What is being asked: All lines holding the string "cross" should be copied from the data below.

(Data items)
*** Begin section ***

(* Every cograph has an hc-coloring.
   Context: All graphs are finite, simple and undirected. A (proper vertex) coloring of $G=(V,E)$ is a surjective map $\sigma:V\to S$ with $\sigma(x)\neq\sigma(y)$ whenever $xy\in E$. A cograph is a graph that is $K_1$, or a disjoint union of cographs, or a join of cographs. A cotree $(T,t)$ of a cograph $G$ is a rooted tree $T$ with leaf set $V$ and a labeling $t:V^0(T)\to\{0,1\}$ of its inner vertices such that for every inner vertex $u$, $G(u):=G[L(T(u))]$ (with $L(T(u))$ the leaves descending from $u$) is the disjoint union (if $t(u)=0$) or the join (if $t(u)=1$) of the graphs $G(v)$, $v$ a child of $u$. It is binary if every inner vertex has exactly two children. A coloring $\sigma$ is an hc-coloring with respect to a binary cotree $(T,t)$ if for every inner vertex $u$ with children $v_1,v_2$: if $t(u)=1$ then $\sigma(L(T(v_1)))\cap\sigma(L(T(v_2)))=\emptyset$, and if $t(u)=0$ then one of $\sigma(L(T(v_1)))$, $\sigma(L(T(v_2)))$ contains the other. A coloring of a cograph $G$ is an hc-coloring of $G$ if it is an hc-coloring with respect to some binary cotree of $G$. *)

theory Defs
  imports Main
begin

text \<open>Graphs are given by a vertex set V and an edge set E of 2-element sets.\<close>

inductive cograph :: "'a set \<Rightarrow> 'a set set \<Rightarrow> bool" where
  single: "cograph {v} {}"
| union: "cograph V1 E1 \<Longrightarrow> cograph V2 E2 \<Longrightarrow> V1 \<inter> V2 = {} \<Longrightarrow>
            cograph (V1 \<union> V2) (E1 \<union> E2)"
| join: "cograph V1 E1 \<Longrightarrow> cograph V2 E2 \<Longrightarrow> V1 \<inter> V2 = {} \<Longrightarrow>
            cograph (V1 \<union> V2) (E1 \<union> E2 \<union> {{x, y} | x y. x \<in> V1 \<and> y \<in> V2})"

text \<open>Binary rooted trees with leaves labelled by vertices and inner vertices
  labelled by bool (True = 1 = join, False = 0 = disjoint union).\<close>

datatype 'a bcotree = Lf 'a | Nd bool "'a bcotree" "'a bcotree"

fun leaf_list :: "'a bcotree \<Rightarrow> 'a list" where
  "leaf_list (Lf x) = [x]"
| "leaf_list (Nd t l r) = leaf_list l @ leaf_list r"

definition leaves :: "'a bcotree \<Rightarrow> 'a set" where
  "leaves T = set (leaf_list T)"

fun cotree_ok :: "'a set set \<Rightarrow> 'a bcotree \<Rightarrow> bool" where
  "cotree_ok E (Lf x) = True"
| "cotree_ok E (Nd t l r) \<longleftrightarrow> cotree_ok E l \<and> cotree_ok E r \<and>
     (\<forall>x\<in>leaves l. \<forall>y\<in>leaves r. ({x, y} \<in> E \<longleftrightarrow> t))"

definition binary_cotree_of :: "'a set \<Rightarrow> 'a set set \<Rightarrow> 'a bcotree \<Rightarrow> bool" where
  "binary_cotree_of V E T \<longleftrightarrow> distinct (leaf_list T) \<and> leaves T = V \<and> cotree_ok E T"

definition coloring :: "'a set \<Rightarrow> 'a set set \<Rightarrow> ('a \<Rightarrow> 'c) \<Rightarrow> 'c set \<Rightarrow> bool" where
  "coloring V E \<sigma> S \<longleftrightarrow> \<sigma> ` V = S \<and> (\<forall>x\<in>V. \<forall>y\<in>V. {x, y} \<in> E \<longrightarrow> \<sigma> x \<noteq> \<sigma> y)"

fun hc_wrt :: "('a \<Rightarrow> 'c) \<Rightarrow> 'a bcotree \<Rightarrow> bool" where
  "hc_wrt \<sigma> (Lf x) = True"
| "hc_wrt \<sigma> (Nd t l r) \<longleftrightarrow> hc_wrt \<sigma> l \<and> hc_wrt \<sigma> r \<and>
     (if t then \<sigma> ` leaves l \<inter> \<sigma> ` leaves r = {}
      else (\<sigma> ` leaves l \<subseteq> \<sigma> ` leaves r \<or> \<sigma> ` leaves r \<subseteq> \<sigma> ` leaves l))"

definition hc_coloring :: "'a set \<Rightarrow> 'a set set \<Rightarrow> ('a \<Rightarrow> 'c) \<Rightarrow> 'c set \<Rightarrow> bool" where
  "hc_coloring V E \<sigma> S \<longleftrightarrow> coloring V E \<sigma> S \<and> (\<exists>T. binary_cotree_of V E T \<and> hc_wrt \<sigma> T)"

end

theory Submission
  imports Defs
begin

text \<open>Color the cograph along its construction, using the colors \<open>{..<k}\<close>. For a
  disjoint union both parts are colored from 0, so their color sets are initial segments
  and hence nested; for a join the colors of the second part are shifted past those of
  the first, so the color sets are disjoint. Such a coloring is automatically proper:
  the lowest common ancestor of the two ends of an edge is a join node.\<close>

lemma leaves_Lf [simp]: "leaves (Lf x) = {x}"
  by (simp add: leaves_def)

lemma leaves_Nd [simp]: "leaves (Nd t l r) = leaves l \<union> leaves r"
  by (simp add: leaves_def)

lemma cograph_edges_subset: "cograph V E \<Longrightarrow> E \<subseteq> Pow V"
  by (induction rule: cograph.induct) auto

lemma cograph_no_loops: "cograph V E \<Longrightarrow> {x} \<notin> E"
  by (induction rule: cograph.induct) (auto simp: doubleton_eq_iff)

lemma cotree_ok_cong:
  assumes "\<forall>x\<in>leaves T. \<forall>y\<in>leaves T. {x, y} \<in> E \<longleftrightarrow> {x, y} \<in> E'"
  shows "cotree_ok E T \<longleftrightarrow> cotree_ok E' T"
  using assms by (induction T) auto

lemma binary_cotree_of_Nd:
  assumes "binary_cotree_of V1 E1 T1" "binary_cotree_of V2 E2 T2" "V1 \<inter> V2 = {}"
    and "\<forall>x\<in>V1. \<forall>y\<in>V1. {x, y} \<in> E \<longleftrightarrow> {x, y} \<in> E1"
    and "\<forall>x\<in>V2. \<forall>y\<in>V2. {x, y} \<in> E \<longleftrightarrow> {x, y} \<in> E2"
    and "\<forall>x\<in>V1. \<forall>y\<in>V2. {x, y} \<in> E \<longleftrightarrow> t"
  shows "binary_cotree_of (V1 \<union> V2) E (Nd t T1 T2)"
proof -
  have "cotree_ok E T1"
    using assms(1,4) cotree_ok_cong[of T1 E E1] by (simp add: binary_cotree_of_def)
  moreover have "cotree_ok E T2"
    using assms(2,5) cotree_ok_cong[of T2 E E2] by (simp add: binary_cotree_of_def)
  ultimately show ?thesis
    using assms(1-3,6) by (auto simp: binary_cotree_of_def leaves_def)
qed

lemma hc_wrt_relabel:
  assumes "inj f" "\<forall>x\<in>leaves T. \<sigma> x = f (\<tau> x)"
  shows "hc_wrt \<sigma> T \<longleftrightarrow> hc_wrt \<tau> T"
  using assms(2)
proof (induction T)
  case (Lf x)
  then show ?case by simp
next
  case (Nd t l r)
  then have "\<sigma> ` leaves l = f ` \<tau> ` leaves l" "\<sigma> ` leaves r = f ` \<tau> ` leaves r"
    by (auto simp: image_image intro!: image_cong)
  with Nd show ?case
    using assms(1) by (simp add: image_Int[symmetric] inj_image_subset_iff)
qed

lemma hc_wrt_separates_edges:
  assumes "cotree_ok E T" "hc_wrt \<sigma> T" "x \<in> leaves T" "y \<in> leaves T" "{x, y} \<in> E" "x \<noteq> y"
  shows "\<sigma> x \<noteq> \<sigma> y"
  using assms
proof (induction T)
  case (Lf z)
  then show ?case by simp
next
  case (Nd t l r)
  have cross: "\<sigma> x \<noteq> \<sigma> y" if "x \<in> leaves l" "y \<in> leaves r" "{x, y} \<in> E" for x y
    using Nd.prems(1,2) that by auto
  show ?case
    using Nd cross[of x y] cross[of y x] by (auto simp: insert_commute)
qed

lemma hc_wrt_coloring:
  assumes "binary_cotree_of V E T" "hc_wrt \<sigma> T" "\<And>x. {x} \<notin> E"
  shows "coloring V E \<sigma> (\<sigma> ` V)"
  using assms hc_wrt_separates_edges[of E T \<sigma>]
  unfolding coloring_def binary_cotree_of_def by fastforce

lemma hc_cotree_union:
  fixes \<sigma>1 \<sigma>2 :: "'a \<Rightarrow> nat"
  assumes "V1 \<inter> V2 = {}" "E1 \<subseteq> Pow V1" "E2 \<subseteq> Pow V2"
    and T1: "binary_cotree_of V1 E1 T1" "hc_wrt \<sigma>1 T1" "\<sigma>1 ` V1 = {..<k1}"
    and T2: "binary_cotree_of V2 E2 T2" "hc_wrt \<sigma>2 T2" "\<sigma>2 ` V2 = {..<k2}"
  shows "\<exists>T (\<sigma> :: 'a \<Rightarrow> nat) k.
    binary_cotree_of (V1 \<union> V2) (E1 \<union> E2) T \<and> hc_wrt \<sigma> T \<and> \<sigma> ` (V1 \<union> V2) = {..<k}"
proof (intro exI conjI)
  define \<sigma> where "\<sigma> x = (if x \<in> V1 then \<sigma>1 x else \<sigma>2 x)" for x
  have leaves: "leaves T1 = V1" "leaves T2 = V2"
    using T1(1) T2(1) by (simp_all add: binary_cotree_of_def)
  have ends: "{x, y} \<in> E1 \<Longrightarrow> x \<in> V1 \<and> y \<in> V1" "{x, y} \<in> E2 \<Longrightarrow> x \<in> V2 \<and> y \<in> V2" for x y
    using assms(2,3) by auto
  show "binary_cotree_of (V1 \<union> V2) (E1 \<union> E2) (Nd False T1 T2)"
    using T1(1) T2(1) assms(1) ends by (intro binary_cotree_of_Nd) blast+
  have on_T2: "\<forall>x\<in>leaves T2. \<sigma> x = \<sigma>2 x"
    using leaves assms(1) by (auto simp: \<sigma>_def)
  then have "hc_wrt \<sigma> T1" "hc_wrt \<sigma> T2"
    using T1(2) T2(2) leaves hc_wrt_relabel[of id T1 \<sigma> \<sigma>1] hc_wrt_relabel[of id T2 \<sigma> \<sigma>2]
    by (simp_all add: \<sigma>_def)
  moreover have colors: "\<sigma> ` V1 = {..<k1}" "\<sigma> ` V2 = {..<k2}"
    using T1(3) T2(3) on_T2 leaves by (simp_all add: \<sigma>_def)
  ultimately show "hc_wrt \<sigma> (Nd False T1 T2)"
    using leaves by (cases "k1 \<le> k2") auto
  show "\<sigma> ` (V1 \<union> V2) = {..<max k1 k2}"
    using colors by (auto simp: image_Un)
qed

lemma hc_cotree_join:
  fixes \<sigma>1 \<sigma>2 :: "'a \<Rightarrow> nat"
  assumes "V1 \<inter> V2 = {}" "E1 \<subseteq> Pow V1" "E2 \<subseteq> Pow V2"
    and T1: "binary_cotree_of V1 E1 T1" "hc_wrt \<sigma>1 T1" "\<sigma>1 ` V1 = {..<k1}"
    and T2: "binary_cotree_of V2 E2 T2" "hc_wrt \<sigma>2 T2" "\<sigma>2 ` V2 = {..<k2}"
  shows "\<exists>T (\<sigma> :: 'a \<Rightarrow> nat) k.
    binary_cotree_of (V1 \<union> V2) (E1 \<union> E2 \<union> {{x, y} | x y. x \<in> V1 \<and> y \<in> V2}) T \<and>
    hc_wrt \<sigma> T \<and> \<sigma> ` (V1 \<union> V2) = {..<k}"
proof (intro exI conjI)
  define \<sigma> where "\<sigma> x = (if x \<in> V1 then \<sigma>1 x else k1 + \<sigma>2 x)" for x
  have leaves: "leaves T1 = V1" "leaves T2 = V2"
    using T1(1) T2(1) by (simp_all add: binary_cotree_of_def)
  have ends: "{x, y} \<in> E1 \<Longrightarrow> x \<in> V1 \<and> y \<in> V1" "{x, y} \<in> E2 \<Longrightarrow> x \<in> V2 \<and> y \<in> V2" for x y
    using assms(2,3) by auto
  have cross: "{x, y} \<in> {{a, b} | a b. a \<in> V1 \<and> b \<in> V2} \<longleftrightarrow>
      x \<in> V1 \<and> y \<in> V2 \<or> x \<in> V2 \<and> y \<in> V1" for x y
    by (auto simp: doubleton_eq_iff)
  show "binary_cotree_of (V1 \<union> V2) (E1 \<union> E2 \<union> {{x, y} | x y. x \<in> V1 \<and> y \<in> V2})
      (Nd True T1 T2)"
    using T1(1) T2(1) assms(1) ends cross by (intro binary_cotree_of_Nd) blast+
  have on_T2: "\<forall>x\<in>leaves T2. \<sigma> x = k1 + \<sigma>2 x"
    using leaves assms(1) by (auto simp: \<sigma>_def)
  then have "hc_wrt \<sigma> T1" "hc_wrt \<sigma> T2"
    using T1(2) T2(2) leaves hc_wrt_relabel[of id T1 \<sigma> \<sigma>1] hc_wrt_relabel[of "(+) k1" T2 \<sigma> \<sigma>2]
    by (simp_all add: \<sigma>_def)
  moreover have "\<sigma> ` V2 = (+) k1 ` \<sigma>2 ` V2"
    using on_T2 leaves by (simp add: image_image)
  then have colors: "\<sigma> ` V1 = {..<k1}" "\<sigma> ` V2 = {k1..<k1 + k2}"
    using T1(3) T2(3) by (simp_all add: \<sigma>_def atLeast0LessThan[symmetric] add.commute)
  ultimately show "hc_wrt \<sigma> (Nd True T1 T2)"
    using leaves by auto
  show "\<sigma> ` (V1 \<union> V2) = {..<k1 + k2}"
    using colors by (auto simp: image_Un)
qed

lemma cograph_hc_cotree:
  assumes "cograph V E"
  shows "\<exists>T (\<sigma> :: 'a \<Rightarrow> nat) k. binary_cotree_of V E T \<and> hc_wrt \<sigma> T \<and> \<sigma> ` V = {..<k}"
  using assms
proof (induction rule: cograph.induct)
  case (single v)
  have "binary_cotree_of {v} {} (Lf v) \<and> hc_wrt (\<lambda>_. 0) (Lf v) \<and> (\<lambda>_. 0 :: nat) ` {v} = {..<1}"
    by (auto simp: binary_cotree_of_def leaves_def)
  then show ?case by blast
next
  case (union V1 E1 V2 E2)
  obtain T1 and \<sigma>1 :: "'a \<Rightarrow> nat" and k1
    where T1: "binary_cotree_of V1 E1 T1" "hc_wrt \<sigma>1 T1" "\<sigma>1 ` V1 = {..<k1}"
    using union.IH(1) by blast
  obtain T2 and \<sigma>2 :: "'a \<Rightarrow> nat" and k2
    where T2: "binary_cotree_of V2 E2 T2" "hc_wrt \<sigma>2 T2" "\<sigma>2 ` V2 = {..<k2}"
    using union.IH(2) by blast
  show ?case
    using hc_cotree_union[OF union.hyps(3) union.hyps(1,2)[THEN cograph_edges_subset] T1 T2] .
next
  case (join V1 E1 V2 E2)
  obtain T1 and \<sigma>1 :: "'a \<Rightarrow> nat" and k1
    where T1: "binary_cotree_of V1 E1 T1" "hc_wrt \<sigma>1 T1" "\<sigma>1 ` V1 = {..<k1}"
    using join.IH(1) by blast
  obtain T2 and \<sigma>2 :: "'a \<Rightarrow> nat" and k2
    where T2: "binary_cotree_of V2 E2 T2" "hc_wrt \<sigma>2 T2" "\<sigma>2 ` V2 = {..<k2}"
    using join.IH(2) by blast
  show ?case
    using hc_cotree_join[OF join.hyps(3) join.hyps(1,2)[THEN cograph_edges_subset] T1 T2] .
qed

theorem corollary6:
  fixes V :: "'a set" and E :: "'a set set"
  assumes "cograph V E"
  shows "\<exists>(\<sigma> :: 'a \<Rightarrow> nat) S. hc_coloring V E \<sigma> S"
proof -
  obtain T and \<sigma> :: "'a \<Rightarrow> nat" where "binary_cotree_of V E T" "hc_wrt \<sigma> T"
    using cograph_hc_cotree[OF assms] by blast
  moreover have "coloring V E \<sigma> (\<sigma> ` V)"
    using calculation cograph_no_loops[OF assms] by (rule hc_wrt_coloring)
  ultimately show ?thesis
    unfolding hc_coloring_def by blast
qed

end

*** End section ***

Response:
  have cross: "\<sigma> x \<noteq> \<sigma> y" if "x \<in> leaves l" "y \<in> leaves r" "{x, y} \<in> E" for x y
    using Nd cross[of x y] cross[of y x] by (auto simp: insert_commute)
  have cross: "{x, y} \<in> {{a, b} | a b. a \<in> V1 \<and> b \<in> V2} \<longleftrightarrow>
    using T1(1) T2(1) assms(1) ends cross by (intro binary_cotree_of_Nd) blast+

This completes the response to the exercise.